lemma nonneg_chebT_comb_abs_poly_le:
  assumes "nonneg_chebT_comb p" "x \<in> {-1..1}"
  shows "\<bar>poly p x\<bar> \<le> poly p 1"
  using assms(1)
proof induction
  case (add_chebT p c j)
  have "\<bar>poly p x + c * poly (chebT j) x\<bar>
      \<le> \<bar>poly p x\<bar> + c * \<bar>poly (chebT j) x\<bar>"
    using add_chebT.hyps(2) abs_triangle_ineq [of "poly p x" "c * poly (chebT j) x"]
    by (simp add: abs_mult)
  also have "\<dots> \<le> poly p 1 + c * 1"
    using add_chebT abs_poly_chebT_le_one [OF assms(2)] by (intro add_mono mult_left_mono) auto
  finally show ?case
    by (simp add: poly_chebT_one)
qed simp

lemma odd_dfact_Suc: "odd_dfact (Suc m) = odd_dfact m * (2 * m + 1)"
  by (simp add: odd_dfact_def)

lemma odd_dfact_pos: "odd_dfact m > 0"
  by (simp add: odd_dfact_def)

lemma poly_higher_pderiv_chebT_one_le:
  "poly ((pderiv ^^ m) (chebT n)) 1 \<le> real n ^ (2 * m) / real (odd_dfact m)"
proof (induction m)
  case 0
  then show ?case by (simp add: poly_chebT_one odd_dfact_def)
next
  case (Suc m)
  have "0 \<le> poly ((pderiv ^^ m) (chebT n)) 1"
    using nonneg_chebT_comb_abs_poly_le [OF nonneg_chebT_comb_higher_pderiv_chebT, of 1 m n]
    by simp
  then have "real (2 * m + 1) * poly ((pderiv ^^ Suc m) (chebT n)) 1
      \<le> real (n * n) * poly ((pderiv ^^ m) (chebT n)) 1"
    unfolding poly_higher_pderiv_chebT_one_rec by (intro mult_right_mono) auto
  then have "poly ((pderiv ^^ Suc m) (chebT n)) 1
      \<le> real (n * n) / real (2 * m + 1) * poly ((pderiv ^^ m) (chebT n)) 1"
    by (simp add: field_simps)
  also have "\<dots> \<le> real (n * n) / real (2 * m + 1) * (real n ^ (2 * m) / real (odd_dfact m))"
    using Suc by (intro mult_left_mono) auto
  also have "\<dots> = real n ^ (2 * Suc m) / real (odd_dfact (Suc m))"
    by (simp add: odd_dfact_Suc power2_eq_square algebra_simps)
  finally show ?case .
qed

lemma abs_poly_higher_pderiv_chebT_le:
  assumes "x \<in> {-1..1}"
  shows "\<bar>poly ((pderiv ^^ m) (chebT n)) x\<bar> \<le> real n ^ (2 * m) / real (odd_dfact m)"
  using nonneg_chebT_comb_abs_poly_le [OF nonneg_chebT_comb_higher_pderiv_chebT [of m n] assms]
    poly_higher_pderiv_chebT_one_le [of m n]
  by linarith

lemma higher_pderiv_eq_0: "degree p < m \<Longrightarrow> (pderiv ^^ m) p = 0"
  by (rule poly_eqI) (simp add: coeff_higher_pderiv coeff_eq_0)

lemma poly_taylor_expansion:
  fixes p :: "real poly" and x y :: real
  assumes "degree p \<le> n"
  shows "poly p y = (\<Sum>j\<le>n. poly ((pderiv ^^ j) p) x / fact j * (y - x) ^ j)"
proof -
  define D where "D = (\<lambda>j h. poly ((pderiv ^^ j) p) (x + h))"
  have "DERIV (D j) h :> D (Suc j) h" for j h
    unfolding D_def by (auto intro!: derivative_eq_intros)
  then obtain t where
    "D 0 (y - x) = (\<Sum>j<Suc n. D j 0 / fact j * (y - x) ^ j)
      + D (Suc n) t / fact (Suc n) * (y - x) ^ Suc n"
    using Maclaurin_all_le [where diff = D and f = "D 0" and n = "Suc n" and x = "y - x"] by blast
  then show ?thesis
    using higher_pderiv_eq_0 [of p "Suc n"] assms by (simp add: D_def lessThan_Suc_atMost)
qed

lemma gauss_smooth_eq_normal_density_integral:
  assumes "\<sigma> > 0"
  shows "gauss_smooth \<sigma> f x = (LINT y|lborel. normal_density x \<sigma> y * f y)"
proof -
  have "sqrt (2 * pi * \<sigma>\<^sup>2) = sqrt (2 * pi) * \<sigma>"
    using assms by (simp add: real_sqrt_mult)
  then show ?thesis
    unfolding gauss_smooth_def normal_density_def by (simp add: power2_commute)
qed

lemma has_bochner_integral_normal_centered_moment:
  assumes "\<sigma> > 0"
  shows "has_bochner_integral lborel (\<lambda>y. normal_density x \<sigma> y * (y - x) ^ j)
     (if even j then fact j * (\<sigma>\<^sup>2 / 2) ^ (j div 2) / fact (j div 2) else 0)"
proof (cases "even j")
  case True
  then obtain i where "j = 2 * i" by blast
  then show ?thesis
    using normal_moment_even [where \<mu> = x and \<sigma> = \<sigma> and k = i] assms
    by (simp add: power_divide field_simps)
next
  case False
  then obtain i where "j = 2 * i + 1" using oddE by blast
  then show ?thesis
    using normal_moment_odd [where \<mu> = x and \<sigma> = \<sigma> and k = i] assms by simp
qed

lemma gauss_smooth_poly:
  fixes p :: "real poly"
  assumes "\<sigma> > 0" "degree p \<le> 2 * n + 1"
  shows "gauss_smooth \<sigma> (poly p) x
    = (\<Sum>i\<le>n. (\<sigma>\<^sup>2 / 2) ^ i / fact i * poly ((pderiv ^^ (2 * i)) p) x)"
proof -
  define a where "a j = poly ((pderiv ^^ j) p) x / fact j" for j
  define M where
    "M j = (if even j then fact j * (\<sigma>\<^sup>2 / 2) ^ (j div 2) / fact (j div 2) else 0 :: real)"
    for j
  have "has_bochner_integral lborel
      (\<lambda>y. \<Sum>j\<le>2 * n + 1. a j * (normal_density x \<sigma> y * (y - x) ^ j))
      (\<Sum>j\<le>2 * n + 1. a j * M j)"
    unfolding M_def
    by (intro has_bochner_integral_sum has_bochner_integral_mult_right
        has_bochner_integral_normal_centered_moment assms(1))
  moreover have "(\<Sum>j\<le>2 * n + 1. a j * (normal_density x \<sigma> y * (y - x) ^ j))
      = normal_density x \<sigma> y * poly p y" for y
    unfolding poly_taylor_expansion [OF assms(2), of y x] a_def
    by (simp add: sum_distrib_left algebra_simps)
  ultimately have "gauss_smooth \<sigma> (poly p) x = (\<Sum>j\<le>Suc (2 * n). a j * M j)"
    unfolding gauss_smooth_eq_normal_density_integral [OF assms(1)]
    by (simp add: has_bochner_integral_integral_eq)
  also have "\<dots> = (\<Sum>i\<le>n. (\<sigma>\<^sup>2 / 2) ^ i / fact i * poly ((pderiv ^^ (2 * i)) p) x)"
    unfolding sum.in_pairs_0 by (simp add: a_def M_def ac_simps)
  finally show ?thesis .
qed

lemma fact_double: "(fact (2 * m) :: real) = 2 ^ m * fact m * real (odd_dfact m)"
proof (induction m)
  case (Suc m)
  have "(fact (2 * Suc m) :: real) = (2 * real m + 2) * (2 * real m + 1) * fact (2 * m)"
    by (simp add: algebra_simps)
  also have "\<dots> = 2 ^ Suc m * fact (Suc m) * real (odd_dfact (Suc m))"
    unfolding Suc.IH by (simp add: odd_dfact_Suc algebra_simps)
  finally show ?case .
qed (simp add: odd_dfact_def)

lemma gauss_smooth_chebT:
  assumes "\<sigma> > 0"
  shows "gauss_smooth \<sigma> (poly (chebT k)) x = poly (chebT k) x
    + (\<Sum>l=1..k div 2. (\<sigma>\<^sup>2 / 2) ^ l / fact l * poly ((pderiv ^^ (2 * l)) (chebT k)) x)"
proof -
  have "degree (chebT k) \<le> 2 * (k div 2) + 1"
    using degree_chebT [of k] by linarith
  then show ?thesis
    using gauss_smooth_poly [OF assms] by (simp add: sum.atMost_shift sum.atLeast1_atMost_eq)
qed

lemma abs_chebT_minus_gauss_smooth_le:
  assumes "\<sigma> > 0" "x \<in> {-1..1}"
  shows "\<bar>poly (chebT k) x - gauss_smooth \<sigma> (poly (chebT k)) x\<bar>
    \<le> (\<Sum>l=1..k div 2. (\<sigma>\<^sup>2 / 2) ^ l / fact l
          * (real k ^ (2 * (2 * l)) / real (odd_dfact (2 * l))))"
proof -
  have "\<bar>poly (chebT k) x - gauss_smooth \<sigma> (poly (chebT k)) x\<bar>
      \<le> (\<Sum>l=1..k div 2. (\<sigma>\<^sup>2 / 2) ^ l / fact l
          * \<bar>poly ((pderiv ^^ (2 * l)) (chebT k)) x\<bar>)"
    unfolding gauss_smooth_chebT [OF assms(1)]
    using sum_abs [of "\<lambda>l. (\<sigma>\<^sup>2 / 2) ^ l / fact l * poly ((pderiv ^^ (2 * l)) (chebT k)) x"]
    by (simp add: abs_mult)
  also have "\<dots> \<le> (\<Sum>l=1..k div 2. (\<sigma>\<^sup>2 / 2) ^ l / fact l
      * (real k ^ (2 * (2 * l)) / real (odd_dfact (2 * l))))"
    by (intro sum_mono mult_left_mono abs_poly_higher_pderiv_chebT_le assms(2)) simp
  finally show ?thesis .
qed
---
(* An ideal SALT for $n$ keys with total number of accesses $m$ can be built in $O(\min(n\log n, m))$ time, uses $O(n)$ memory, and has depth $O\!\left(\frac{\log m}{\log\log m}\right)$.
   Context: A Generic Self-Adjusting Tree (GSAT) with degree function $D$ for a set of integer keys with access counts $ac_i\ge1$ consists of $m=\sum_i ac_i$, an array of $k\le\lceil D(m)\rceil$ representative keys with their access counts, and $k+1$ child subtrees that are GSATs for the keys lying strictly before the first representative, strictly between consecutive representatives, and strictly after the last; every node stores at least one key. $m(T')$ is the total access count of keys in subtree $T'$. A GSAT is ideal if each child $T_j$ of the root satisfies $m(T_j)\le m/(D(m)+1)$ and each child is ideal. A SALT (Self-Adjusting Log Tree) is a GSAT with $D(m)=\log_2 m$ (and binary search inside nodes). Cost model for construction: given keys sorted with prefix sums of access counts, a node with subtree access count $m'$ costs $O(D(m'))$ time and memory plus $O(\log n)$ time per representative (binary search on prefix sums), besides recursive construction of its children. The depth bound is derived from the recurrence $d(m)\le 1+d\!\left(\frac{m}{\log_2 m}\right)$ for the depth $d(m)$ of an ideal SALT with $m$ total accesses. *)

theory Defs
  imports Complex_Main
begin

### EXERCISE DETAILS
Output exactly the lines of the material above from the one containing "using assms by (simp add: real_sqrt_mult)" up to and including the one containing "x = (\<Sum>j\<le>Suc".

### YOUR RESPONSE
    using assms by (simp add: real_sqrt_mult)
  then show ?thesis
    unfolding gauss_smooth_def normal_density_def by (simp add: power2_commute)
qed

lemma has_bochner_integral_normal_centered_moment:
  assumes "\<sigma> > 0"
  shows "has_bochner_integral lborel (\<lambda>y. normal_density x \<sigma> y * (y - x) ^ j)
     (if even j then fact j * (\<sigma>\<^sup>2 / 2) ^ (j div 2) / fact (j div 2) else 0)"
proof (cases "even j")
  case True
  then obtain i where "j = 2 * i" by blast
  then show ?thesis
    using normal_moment_even [where \<mu> = x and \<sigma> = \<sigma> and k = i] assms
    by (simp add: power_divide field_simps)
next
  case False
  then obtain i where "j = 2 * i + 1" using oddE by blast
  then show ?thesis
    using normal_moment_odd [where \<mu> = x and \<sigma> = \<sigma> and k = i] assms by simp
qed

lemma gauss_smooth_poly:
  fixes p :: "real poly"
  assumes "\<sigma> > 0" "degree p \<le> 2 * n + 1"
  shows "gauss_smooth \<sigma> (poly p) x
    = (\<Sum>i\<le>n. (\<sigma>\<^sup>2 / 2) ^ i / fact i * poly ((pderiv ^^ (2 * i)) p) x)"
proof -
  define a where "a j = poly ((pderiv ^^ j) p) x / fact j" for j
  define M where
    "M j = (if even j then fact j * (\<sigma>\<^sup>2 / 2) ^ (j div 2) / fact (j div 2) else 0 :: real)"
    for j
  have "has_bochner_integral lborel
      (\<lambda>y. \<Sum>j\<le>2 * n + 1. a j * (normal_density x \<sigma> y * (y - x) ^ j))
      (\<Sum>j\<le>2 * n + 1. a j * M j)"
    unfolding M_def
    by (intro has_bochner_integral_sum has_bochner_integral_mult_right
        has_bochner_integral_normal_centered_moment assms(1))
  moreover have "(\<Sum>j\<le>2 * n + 1. a j * (normal_density x \<sigma> y * (y - x) ^ j))
      = normal_density x \<sigma> y * poly p y" for y
    unfolding poly_taylor_expansion [OF assms(2), of y x] a_def
    by (simp add: sum_distrib_left algebra_simps)
  ultimately have "gauss_smooth \<sigma> (poly p) x = (\<Sum>j\<le>Suc (2 * n). a j * M j)"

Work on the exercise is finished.